If you have Diabetes, unfortunately you are at higher risk of other eye conditions. You are more likely to have a refractive error, e.g. you're more likely need glasses; it can cause diplopia, which is double vision and you are also at higher risk of developing cataracts.  If you develop cataracts it typically occurs at a younger age in people with Diabetes than people without.  You are also at risk of developing glaucoma.


Key message

In addition to attending Diabetic Retinopathy screening, you should really attend appointments with your opticians as well, because they're the ones who check your overall eye health and screening does not check for these things.


Take Home Messages”

Sight loss due to Diabetes is not inevitable, just because you have Diabetes doesn't mean that you will go blind, or you will develop a sight threatening form of Retinopathy.

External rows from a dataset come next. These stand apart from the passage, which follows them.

(* Let $n\ge3$ and $1<\alpha\le\sqrt2$. Then the set of minimal vectors of $D_n^\alpha$ is $S(D_n^\alpha)=\{\pm\mathbf{b}_1,\dots,\pm\mathbf{b}_n\}$. In particular $\lambda_1^2(D_n^\alpha)=2$ and $D_n^\alpha$ is generic well-rounded.
   Context: Let $\mathbf{e}_1,\dots,\mathbf{e}_n$ be the standard basis of $\mathbb{R}^n$. For $n\ge3$, $1\le\alpha\le\sqrt2$ and $\overline\alpha:=\sqrt{2-\alpha^2}$, $D_n^\alpha$ is the lattice with basis $\mathbf{b}_1=\alpha\mathbf{e}_1+\overline\alpha\mathbf{e}_2$, $\mathbf{b}_2=\alpha\mathbf{e}_2+\overline\alpha\mathbf{e}_3$, $\mathbf{b}_3=\overline\alpha\mathbf{e}_1+\alpha\mathbf{e}_3$, $\mathbf{b}_4=\overline\alpha\mathbf{e}_3-\alpha\mathbf{e}_4$, and $\mathbf{b}_k=\overline\alpha\mathbf{e}_{k-1}-\alpha\mathbf{e}_k$ for $5\le k\le n$. $S(\Lambda)$ is the set of vectors of $\Lambda$ of norm $\lambda_1(\Lambda)=\min_{0\ne\mathbf{x}\in\Lambda}\|\mathbf{x}\|$. A lattice in $\mathbb{R}^n$ is generic well-rounded if $S(\Lambda)$ spans $\mathbb{R}^n$ and $|S(\Lambda)|=2n$. *)

theory Defs
  imports Complex_Main
begin

text \<open>Vectors of R^n are represented as functions nat => real supported on {1..n};
  coordinate j is the j-th standard coordinate (1-based, as in the paper).\<close>

definition in_Rn :: "nat \<Rightarrow> (nat \<Rightarrow> real) \<Rightarrow> bool" where
  "in_Rn n x \<longleftrightarrow> (\<forall>j. j \<notin> {1..n} \<longrightarrow> x j = 0)"
(* For all $M,N\in\Lambda^{001}$, if $M\longrightarrow_\beta^\infty N$ then $\mathcal T(M)\mathrel{\widetilde{\longrightarrow}_r^*}\mathcal T(N)$; that is, there are an index set $I$, resource terms $s_i$ and finite sums $T_i$ ($i\in I$) such that $\mathcal T(M)=\{s_i : i\in I\}$, $\mathcal T(N)=\bigcup_{i\in I}T_i$ and $s_i\longrightarrow_r^* T_i$ for each $i\in I$.
   Context: Fix a set $\mathcal V$ of variables. A 001-infinitary λ-term is a possibly infinite tree built from variables $x\in\mathcal V$, abstractions $\lambda x.M$ and applications $(M)N$ ($N$ the argument), such that every infinite branch enters infinitely often the argument position of an application node; $\Lambda^{001}$ is the set of such terms, up to α-equivalence, with fresh variables always available. $M[N/x]$ is capture-avoiding substitution. One-step β-reduction $\longrightarrow_\beta$ is the contextual closure (finite derivations) of $(\lambda x.M)N\longrightarrow_\beta M[N/x]$; $\longrightarrow_\beta^*$ its reflexive-transitive closure. The infinitary reduction $\longrightarrow_\beta^\infty$ is defined by the rules below, with possibly infinite derivations in which every infinite branch passes infinitely often through the third premise of (@): (var) $M\longrightarrow_\beta^* x\Rightarrow M\longrightarrow_\beta^\infty x$; (λ) $M\longrightarrow_\beta^*\lambda x.P$, $P\longrightarrow_\beta^\infty P'$ $\Rightarrow M\longrightarrow_\beta^\infty\lambda x.P'$; (@) $M\longrightarrow_\beta^*(P)Q$, $P\longrightarrow_\beta^\infty P'$, $Q\longrightarrow_\beta^\infty Q'$ $\Rightarrow M\longrightarrow_\beta^\infty(P')Q'$. Resource terms: $s::=x\mid\lambda x.s\mid\langle s\rangle\bar t$, $\bar t=[t_1,\dots,t_n]$ a finite multiset of resource terms. Finite sums are finite sets of resource terms written additively ($0$ empty), constructors extended by linearity. Resource substitution $s\langle\bar t/x\rangle$ is the sum over $\sigma\in\mathfrak S_n$ of the terms obtained by substituting $t_{\sigma(i)}$ for the $i$-th free occurrence of $x$ in $s$ if $x$ has exactly $n$ free occurrences, and $0$ otherwise. Simple resource reduction $\longmapsto_r$ is the least relation from terms (resp. monomials) to finite sums containing $\langle\lambda x.s\rangle\bar t\longmapsto_r s\langle\bar t/x\rangle$ and closed under abstraction, function and argument positions of applications, and elements of monomials. On finite sums, $\sum_{i=0}^n s_i\longrightarrow_r\sum_{i=0}^n T_i$ when $s_0\longmapsto_r T_0$ and for $1\le i\le n$ either $s_i\longmapsto_r T_i$ or $T_i=s_i$; $\longrightarrow_r^*$ is the reflexive-transitive closure (a single term is identified with the one-element sum). For sets $\mathcal S,\mathcal S'$ of resource terms, $\mathcal S\mathrel{\widetilde{\longrightarrow}_r^*}\mathcal S'$ is as spelled out in the claim. Taylor approximation $\ltimes$ is inductive: $x\ltimes x$; $s\ltimes M\Rightarrow\lambda x.s\ltimes\lambda x.M$; ($s\ltimes M$ and $t_i\ltimes N$ for all $i$) $\Rightarrow\langle s\rangle[t_1,\dots,t_n]\ltimes(M)N$. $\mathcal T(M)=\{s : s\ltimes M\}$. *)

theory Defs
  imports Main "HOL-Library.Multiset" "HOL-Library.Infinite_Set"
begin

section \<open>Infinitary lambda-terms (de Bruijn indices, so alpha-equivalence is syntactic identity)\<close>

codatatype lterm = Var nat | Lam lterm | App lterm lterm

datatype dir = Body | Fun | Arg

fun subterm_at :: "lterm \<Rightarrow> dir list \<Rightarrow> lterm option" where
  "subterm_at M [] = Some M"
| "subterm_at M (d # p) =
     (case (M, d) of
        (Lam P, Body) \<Rightarrow> subterm_at P p
      | (App P Q, Fun) \<Rightarrow> subterm_at P p
      | (App P Q, Arg) \<Rightarrow> subterm_at Q p
      | _ \<Rightarrow> None)"

definition is_branch :: "lterm \<Rightarrow> (nat \<Rightarrow> dir) \<Rightarrow> bool" where
  "is_branch M f \<longleftrightarrow> (\<forall>n. subterm_at M (map f [0..<n]) \<noteq> None)"

definition is001 :: "lterm \<Rightarrow> bool" where
  "is001 M \<longleftrightarrow> (\<forall>f. is_branch M f \<longrightarrow> (\<exists>\<^sub>\<infinity>n. f n = Arg))"

primcorec lshift :: "nat \<Rightarrow> nat \<Rightarrow> lterm \<Rightarrow> lterm" where
  "lshift d c M = (case M of
      Var i \<Rightarrow> Var (if i < c then i else i + d)
    | Lam P \<Rightarrow> Lam (lshift d (Suc c) P)
    | App P Q \<Rightarrow> App (lshift d c P) (lshift d c Q))"

primcorec lsubst_at :: "nat \<Rightarrow> lterm \<Rightarrow> lterm \<Rightarrow> lterm" where
  "lsubst_at k N M = (case M of
      Var i \<Rightarrow> (if i < k then Var i else if i = k then
                  (case N of
                     Var j \<Rightarrow> Var (j + k)
                   | Lam P \<Rightarrow> Lam (lshift k 1 P)
                   | App P Q \<Rightarrow> App (lshift k 0 P) (lshift k 0 Q))
                else Var (i - 1))
    | Lam P \<Rightarrow> Lam (lsubst_at (Suc k) N P)
    | App P Q \<Rightarrow> App (lsubst_at k N P) (lsubst_at k N Q))"

text \<open>M[N/x] where x is the variable bound by the redex abstraction (index 0).\<close>
definition lsubst :: "lterm \<Rightarrow> lterm \<Rightarrow> lterm" where
  "lsubst M N = lsubst_at 0 N M"

inductive beta :: "lterm \<Rightarrow> lterm \<Rightarrow> bool" where
  beta_redex: "beta (App (Lam M) N) (lsubst M N)"
| beta_lam: "beta M M' \<Longrightarrow> beta (Lam M) (Lam M')"
| beta_appL: "beta M M' \<Longrightarrow> beta (App M N) (App M' N)"
| beta_appR: "beta N N' \<Longrightarrow> beta (App M N) (App M N')"

abbreviation betas :: "lterm \<Rightarrow> lterm \<Rightarrow> bool" where
  "betas \<equiv> beta\<^sup>*\<^sup>*"

text \<open>Infinitary reduction: rules (var), (lambda), (@) read inductively, except for the third premise
  of (@), which is read coinductively (every infinite derivation branch passes infinitely often
  through that premise).\<close>
inductive ired_step :: "(lterm \<Rightarrow> lterm \<Rightarrow> bool) \<Rightarrow> lterm \<Rightarrow> lterm \<Rightarrow> bool" for R where
  ired_var: "betas M (Var x) \<Longrightarrow> ired_step R M (Var x)"
| ired_lam: "betas M (Lam P) \<Longrightarrow> ired_step R P P' \<Longrightarrow> ired_step R M (Lam P')"
| ired_app: "betas M (App P Q) \<Longrightarrow> ired_step R P P' \<Longrightarrow> R Q Q' \<Longrightarrow> ired_step R M (App P' Q')"

lemma ired_step_mono: "R \<le> S \<Longrightarrow> ired_step R \<le> ired_step S"
proof (intro le_funI le_boolI)
  fix M N assume RS: "R \<le> S" and h: "ired_step R M N"
  from h show "ired_step S M N"
    by (induction rule: ired_step.induct) (use RS in \<open>auto intro: ired_step.intros\<close>)
qed

coinductive ired :: "lterm \<Rightarrow> lterm \<Rightarrow> bool" where
  "ired_step ired M N \<Longrightarrow> ired M N"
monos ired_step_mono

datatype rterm = RVar nat | RLam rterm | RApp rterm "rterm multiset"

primrec rshift :: "nat \<Rightarrow> nat \<Rightarrow> rterm \<Rightarrow> rterm" where
  "rshift d c (RVar i) = RVar (if i < c then i else i + d)"
| "rshift d c (RLam s) = RLam (rshift d (Suc c) s)"
| "rshift d c (RApp s ts) = RApp (rshift d c s) (image_mset (rshift d c) ts)"

text \<open>rfill k s ts u: u is obtained from s by substituting, bijectively, the elements of the
  multiset ts for the free occurrences of the variable with index k (under k binders);
  there is no such u unless the number of occurrences equals the size of ts.\<close>
inductive rfill :: "nat \<Rightarrow> rterm \<Rightarrow> rterm multiset \<Rightarrow> rterm \<Rightarrow> bool" where
  rfill_hit: "rfill k (RVar k) {#t#} (rshift k 0 t)"
| rfill_var: "i \<noteq> k \<Longrightarrow> rfill k (RVar i) {#} (RVar (if i < k then i else i - 1))"
| rfill_lam: "rfill (Suc k) s T u \<Longrightarrow> rfill k (RLam s) T (RLam u)"
| rfill_app: "rfill k s T0 s' \<Longrightarrow> (\<forall>x. x \<in># P \<longrightarrow> rfill k (fst x) (fst (snd x)) (snd (snd x)))
    \<Longrightarrow> rfill k (RApp s (image_mset fst P)) (T0 + sum_mset (image_mset (fst \<circ> snd) P))
                (RApp s' (image_mset (snd \<circ> snd) P))"
(* Let $X_1,\ldots,X_k\in\mathbf{M}_{2N}(\mathbb{C})$ commute pairwise and satisfy $X_j^{*}=X_j^{\sharp}$ for all $j$. (1) There is a single symplectic unitary $U$ such that for all $j$, \[U^{*}X_jU=\begin{bmatrix}T_j & S_j\\ -\overline{S_j} & \overline{T_j}\end{bmatrix}\] with each $T_j$ upper-triangular and each $S_j$ strictly upper-triangular ($N\times N$ blocks). (2) If, in addition, the $X_j$ are normal, then there is a single symplectic unitary $U$ such that for all $j$, \[U^{*}X_jU=\begin{bmatrix}D_j & 0\\ 0 & \overline{D_j}\end{bmatrix}\] with each $D_j$ diagonal. (3) Every symplectic unitary has determinant one.
   Context: For $X\in\mathbf{M}_{2N}(\mathbb{C})$ written in $N\times N$ blocks $X=\begin{bmatrix}A&B\\C&D\end{bmatrix}$, the dual operation is $X^{\sharp}=\begin{bmatrix}D^{\mathrm T}&-B^{\mathrm T}\\-C^{\mathrm T}&A^{\mathrm T}\end{bmatrix}$, equivalently $X^\sharp=-ZX^{\mathrm T}Z$ where $Z=\begin{bmatrix}0&I\\-I&0\end{bmatrix}$. A symplectic unitary is a unitary $U\in\mathbf{M}_{2N}(\mathbb{C})$ with $U^{\mathrm T}ZU=Z$. $\overline{M}$ denotes the entrywise complex conjugate. *)

theory Defs
  imports "Jordan_Normal_Form.Matrix" "Jordan_Normal_Form.Determinant" Complex_Main
begin

definition conj_mat :: "complex mat \<Rightarrow> complex mat" where
  "conj_mat M = map_mat cnj M"

definition ctrans_mat :: "complex mat \<Rightarrow> complex mat" where
  "ctrans_mat M = transpose_mat (conj_mat M)"

definition Zmat :: "nat \<Rightarrow> complex mat" where
  "Zmat N = four_block_mat (0\<^sub>m N N) (1\<^sub>m N) (- 1\<^sub>m N) (0\<^sub>m N N)"

definition sharp :: "nat \<Rightarrow> complex mat \<Rightarrow> complex mat" where
  "sharp N X = - (Zmat N * transpose_mat X * Zmat N)"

If Retinopathy does develop, progression can be slowed or delayed, especially if you make conservative changes to your blood glucose and blood pressure. It really does make a huge difference in delaying the progression of Retinopathy


If you develop Retinopathy and it does progress treatment is available, the earlier that treatment is used, the better for your visual outcome.


Remember that even if you have a great HbA1c, great cholesterol and great blood pressure the risk of developing Diabetic Retinopathy is not reduce to zero, you can still develop and it’s not your fault. Unfortunately, it is just a part of Diabetes but the hard work that you are putting in will reduce your risks and attending your eye screening appointments will help to identify if you need some additional help early and that leads to the best outcomes.